We went to India to be with good friends, but we were also lucky to be able to be together for a special reason: our friend’s wedding.
While in India, we also inadvertently crashed another wedding celebration while we there. In my friend’s father’s village in Gujarat, there was another wedding taking place. This time it was the Puja Ganesh ceremony, a ceremony that takes place (sometimes several days) before the wedding. There were several hundred people at this ceremony and the food was also plentiful as seen below. The interesting part about this event, which I couldn’t photograph, were that there were hundreds of women sitting under this tent, at long tables facing each other, with a middle runway path for the servers to come through and give you food. The men had eaten before us, and I sat facing some women probably wondering what was so interesting about the food that I had to take a picture of it.
There were several types of beans and lentils, papadum, sweet potato bhaji, eggplant, and perhaps my favorite – a silver-wrapped cashew (kaju) sweet with fig filling. Yum!
Mehendi or Mendhi ceremony
Two days before the wedding ceremony, we went to the bride’s house where they were having the Mendhi ceremony. Mendhi was applied to members of the bridal party and family’s hands. On the bride, it was applied from fingertips to elbows and all over her feet and up to her calves. It took 5 hours to do the bride’s mendhi and she was very restless at the end, not being able to rest her arms or legs for fear of smudging the intricate designs. Can you blame her? Her husband’s name is “hidden” in the mendhi somewhere and it is his job to find it afterward.
I did the mendhi, too, and I loved having mendhi on my hands and the designs that they used. Not only do they apply lemon to it when it’s almost dry to darken the color, but heat plays a factor in how deeply it will stain your hands. My hands took to the mendhi quite well and I could see even a few light remnants of the design until a few days ago.
I had been to a Hindu wedding ceremony before where they explained all of the steps of the ceremony and blessings. This time around, there were no explanations and it seemed like an intimate affair between the bride, groom, their bridal party and another 500 people watching in the background and eating the food being brought around. The first Hindu wedding I had been to, I was shocked to see people getting up during the ceremony and EATING! But it’s normal and sometimes absolutely necessary since they can be very long.

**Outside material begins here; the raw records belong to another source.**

theorem lemma4:
  fixes L :: "nat set" and s :: nat
  assumes "numerical_semigroup L"
    and "L \<noteq> UNIV"
    and "order_seed L 0 (elem L s)"
    and "s \<ge> cond_index L"
  shows "conductor (L - {elem L s}) = conductor L + (s - cond_index L) + 1 \<and>
    (let k = cond_index L; c = conductor L; st = s - k; S = seed_string L;
         St = (\<lambda>l. if (\<exists>i j. 1 \<le> i \<and> i < k \<and> j < min st (elem L (Suc i) - elem L i)
                                \<and> l = elem L i + j) then False else S l)
     in seed_string (L - {elem L s}) =
        (\<lambda>p. if p + st + 1 < c then St (st + 1 + p)
             else if p + 1 < c + st then p + 2 = c + st
             else p + 1 = c + st \<or> p = c + st))"
proof -
  note ns = assms(1)
  define st where "st = s - cond_index L"
  have x: "elem L s = conductor L + st"
    using elem_cond_index_add[OF ns, of st] assms(4) unfolding st_def by simp
  have gen: "generator L (conductor L + st)"
    using assms(3) x elem_0[OF ns] unfolding order_seed_def remove_first_def by simp
  have "seed_string (L - {conductor L + st}) p =
    (if p + st + 1 < conductor L then
       (if \<exists>i j. 1 \<le> i \<and> i < cond_index L \<and> j < min st (elem L (Suc i) - elem L i)
                \<and> st + 1 + p = elem L i + j
        then False else seed_string L (st + 1 + p))
     else if p + 1 < conductor L + st then p + 2 = conductor L + st
     else p + 1 = conductor L + st \<or> p = conductor L + st)" for p
  proof (cases "p + st + 1 < conductor L")
    case True
    then show ?thesis
      using seed_string_remove_generator_below[OF ns gen, of p]
        block_prefix_iff_near_elem[OF ns, of "st + 1 + p" st] by auto
  next
    case False
    then show ?thesis
      using seed_string_remove_generator_above[OF ns gen, of p] by auto
  qed
  then show ?thesis
    using conductor_remove_generator[OF ns gen] unfolding Let_def st_def[symmetric] x
    by (simp add: fun_eq_iff)
qed

end
(* For every $t=0,1,\dots,T-1$ and every $x\in\mathbb R$, $0\le v^\pi_t(x)-v_t(x)=V_t(x)-V^*_t(x)+\epsilon_t(x)$.
   Context: Model. Fix an integer horizon $T\ge 2$, a discount factor $\alpha\in(0,1]$, and for $t=0,\dots,T-1$: unit ordering costs $c_t\in\mathbb R$, a salvage coefficient $c_T\in\mathbb R$, setup costs $K_t\ge 0$, functions $G_t:\mathbb R\to\mathbb R$, and independent nonnegative random demands $D_0,\dots,D_{T-1}$ with right-continuous distribution functions $F_t$ and finite means; all expectations appearing are assumed finite. Let $\delta(z)=1$ for $z>0$, $\delta(0)=0$. Put $C_t(y)=(c_t-\alpha c_{t+1})y+G_t(y)+\alpha c_{t+1}E[D_t]$. Standing assumptions: (i) each $C_t$ is convex with $C_t(y)\to+\infty$ as $|y|\to\infty$; (ii) $K_t\ge \alpha K_{t+1}$ for $t=0,\dots,T-2$. Optimal costs: $v_T(x)=-c_Tx$ and $v_t(x)=\min_{y\ge x}\{K_t\delta(y-x)+c_t(y-x)+G_t(y)+\alpha E[v_{t+1}(y-D_t)]\}$; $V^*_t(x)=v_t(x)+c_tx$. Grid construction. Fix $\theta>0$, $z_m=m\theta$, $Z_\theta=\{z_m:m\in\mathbb Z\}$, $f_t(n)=F_t(z_{n+1})-F_t(z_n)$ ($n\ge -1$). $C^m_t=\min\{y: C_t(y)=\min_x C_t(x)\}$; with $z_{n_0}<C^m_t\le z_{n_0+1}$, $S^U_t=\min\{z_m\in Z_\theta: z_m\ge C^m_t,\ C_t(z_m)>C_t(z_{n_0})+K_t\}$. $s_{T-1}$ is a point with $s_{T-1}\le C^m_{T-1}$, $C_{T-1}(s_{T-1})=C_{T-1}(C^m_{T-1})+K_{T-1}$; $\bar I_{T-1}=s_{T-1}$. For $t=T-2,\dots,0$: $I_t=\max\{z_m\in Z_\theta: z_m<\min(\bar I_{t+1}-\theta,C^m_t)\}$, $\bar I_t=\max\{z_m\in Z_\theta: z_m\le I_t,\ C_t(z_m)>C_t(I_t)+K_t\}+\theta$. $H_{T-1}=C_{T-1}$, $S_{T-1}=C^m_{T-1}$; $V_t(y)=H_t(S_t)+K_t$ for $y<s_t$, $V_t(y)=H_t(y)$ for $y\ge s_t$. For $t=T-2,\dots,0$: $H_t(y)=C_t(y)+\alpha\sum_{n=-1}^\infty V_{t+1}(y-z_n)f_t(n)$; $S_t=\max\{z_m\in Z_\theta: I_t\le z_m\le S^U_t,\ H_t(z_m)=\min\{H_t(z_n):z_n\in Z_\theta, I_t\le z_n\le S^U_t\}\}$; $s_t=S_t$ if $K_t=0$, else $s_t=\min\{z_m\in Z_\theta:\bar I_t\le z_m\le S_t,\ H_t(z_m)\le H_t(S_t)+K_t\}$. Policy cost. $v^\pi_T(x)=-c_Tx$ and, for $t\le T-1$, with $y_t(x)=S_t$ if $x<s_t$ and $y_t(x)=x$ otherwise, $v^\pi_t(x)=K_t\delta(y_t(x)-x)+c_t(y_t(x)-x)+G_t(y_t(x))+\alpha E[v^\pi_{t+1}(y_t(x)-D_t)]$. Error terms. For $t=1,\dots,T-1$, $A_t(x)=E[V_t(x-D_{t-1})]-\sum_{n=-1}^{\infty}V_t(x-z_n)f_{t-1}(n)$. $\epsilon_{T-1}\equiv 0$; for $t=0,\dots,T-2$: $\epsilon_t(x)=\alpha A_{t+1}(S_t)+\alpha E[\epsilon_{t+1}(S_t-D_t)]$ if $x<s_t$, and $\epsilon_t(x)=\alpha A_{t+1}(x)+\alpha E[\epsilon_{t+1}(x-D_t)]$ if $x\ge s_t$. *)

theory Defs
  imports "HOL-Probability.Probability"
begin

definition delta :: "real \<Rightarrow> real" where
  "delta z = (if z > 0 then 1 else 0)"

definition Cfun :: "real \<Rightarrow> (nat \<Rightarrow> real) \<Rightarrow> (nat \<Rightarrow> real \<Rightarrow> real) \<Rightarrow> 'w measure
    \<Rightarrow> (nat \<Rightarrow> 'w \<Rightarrow> real) \<Rightarrow> nat \<Rightarrow> real \<Rightarrow> real" where
  "Cfun \<alpha> c G M D t y =
     (c t - \<alpha> * c (Suc t)) * y + G t y + \<alpha> * c (Suc t) * integral\<^sup>L M (D t)"

text \<open>Optimal cost v_t, indexed by j = T - t (backward recursion); the minimum over
  y >= x is written as an infimum.\<close>
fun vopt_aux :: "nat \<Rightarrow> real \<Rightarrow> (nat \<Rightarrow> real) \<Rightarrow> (nat \<Rightarrow> real) \<Rightarrow> (nat \<Rightarrow> real \<Rightarrow> real)
    \<Rightarrow> 'w measure \<Rightarrow> (nat \<Rightarrow> 'w \<Rightarrow> real) \<Rightarrow> nat \<Rightarrow> real \<Rightarrow> real" where
  "vopt_aux T \<alpha> c K G M D 0 x = - c T * x"
| "vopt_aux T \<alpha> c K G M D (Suc j) x =
     (let t = T - Suc j in
      Inf {K t * delta (y - x) + c t * (y - x) + G t y
           + \<alpha> * integral\<^sup>L M (\<lambda>\<omega>. vopt_aux T \<alpha> c K G M D j (y - D t \<omega>)) | y. y \<ge> x})"

definition vopt :: "nat \<Rightarrow> real \<Rightarrow> (nat \<Rightarrow> real) \<Rightarrow> (nat \<Rightarrow> real) \<Rightarrow> (nat \<Rightarrow> real \<Rightarrow> real)
    \<Rightarrow> 'w measure \<Rightarrow> (nat \<Rightarrow> 'w \<Rightarrow> real) \<Rightarrow> nat \<Rightarrow> real \<Rightarrow> real" where
  "vopt T \<alpha> c K G M D t = vopt_aux T \<alpha> c K G M D (T - t)"

definition Vstar :: "nat \<Rightarrow> real \<Rightarrow> (nat \<Rightarrow> real) \<Rightarrow> (nat \<Rightarrow> real) \<Rightarrow> (nat \<Rightarrow> real \<Rightarrow> real)
    \<Rightarrow> 'w measure \<Rightarrow> (nat \<Rightarrow> 'w \<Rightarrow> real) \<Rightarrow> nat \<Rightarrow> real \<Rightarrow> real" where
  "Vstar T \<alpha> c K G M D t x = vopt T \<alpha> c K G M D t x + c t * x"

definition zg :: "real \<Rightarrow> int \<Rightarrow> real" where
  "zg \<theta> m = of_int m * \<theta>"

definition Fdist :: "'w measure \<Rightarrow> (nat \<Rightarrow> 'w \<Rightarrow> real) \<Rightarrow> nat \<Rightarrow> real \<Rightarrow> real" where
  "Fdist M D t z = measure M {\<omega> \<in> space M. D t \<omega> \<le> z}"

definition fgrid :: "'w measure \<Rightarrow> (nat \<Rightarrow> 'w \<Rightarrow> real) \<Rightarrow> real \<Rightarrow> nat \<Rightarrow> int \<Rightarrow> real" where
  "fgrid M D \<theta> t n = Fdist M D t (zg \<theta> (n + 1)) - Fdist M D t (zg \<theta> n)"

text \<open>The grid sum  sum_{n=-1}^infinity V(y - z_n) f(n)  (index n = k - 1, k in nat).\<close>
definition gridE :: "real \<Rightarrow> (int \<Rightarrow> real) \<Rightarrow> (real \<Rightarrow> real) \<Rightarrow> real \<Rightarrow> real" where
  "gridE \<theta> f V y = (\<Sum>k. V (y - zg \<theta> (int k - 1)) * f (int k - 1))"

definition Cmin :: "(real \<Rightarrow> real) \<Rightarrow> real" where
  "Cmin C = Inf {y. C y = Inf (range C)}"

text \<open>S^U_t, with n_0 defined by z_{n_0} < C^m_t <= z_{n_0+1}.\<close>
definition SUp :: "real \<Rightarrow> (real \<Rightarrow> real) \<Rightarrow> real \<Rightarrow> real" where
  "SUp \<theta> C K =
     (let n0 = \<lceil>Cmin C / \<theta>\<rceil> - 1 in
      zg \<theta> (LEAST m. zg \<theta> m \<ge> Cmin C \<and> C (zg \<theta> m) > C (zg \<theta> n0) + K))"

Here’s a picture of the altar where they would get married later. If you’re going to be a guest at an Indian wedding, I recommend reading about the Hindu wedding traditions in case they are not explaining the rituals. S had some help from some of our friends there and I relaxed and watched.
Our friend, who normally is very beautiful, was stunningly beautiful as a bride. Don’t you agree? She answered the door in the hotel room, fully dressed, and I about had a heart attack at her transformation. I love how the massive amounts of details in her dress – from the head covering to her bindi, the numerous bangles to all of the mendhi on her hands and feet, her nose ring, her jewelry. She was gorgeous.
After the ceremony, then the real feasting began. In an area near to the sitting area, it seemed like a huge fair of food, with booths set up for each specific type.
The Indian Chinese food I mentioned in Desi Chinese, Ice Cream, Dabeli and Other Street Food was present, as well as Italian which is quite trendy (and expensive) in India. I steered clear since I was still ready to gorge myself on Indian food. There was a Jain booth with specially prepared foods, as well as my two favorite booths:
Fresh naan and rotis.
Fresh dosas being made on the spot. The dosa is perhaps my favorite new discovery and I loved eating them for breakfast.
Paan or pan is something eaten to freshen one’s breath and is commonly served at weddings. At the first wedding we went to, I was served a little packet of a fresh green leaf wrapped up and inside was a mixture of coconut, spices and candied/preserved fruit, closed with a toothpick and had a maraschino cherry stuck on top.
I had to spit it out.
See, I told you there might be something I didn’t like in India! It might have been those flavor combinations or that particular one, but I felt myself getting sick. Maybe next time. Aesthetically, I love looking at the pan stands and all the colors. Pan can also be bought dried and sometimes people mix it with tobacco or even coke (and not the soda). Oral cancer is unfortunately a problem in India and I can testify seeing as how much I saw men chewing and spitting it!
But aren’t the colors pretty?
Have you been to a Hindu wedding ceremony? Any experiences to share?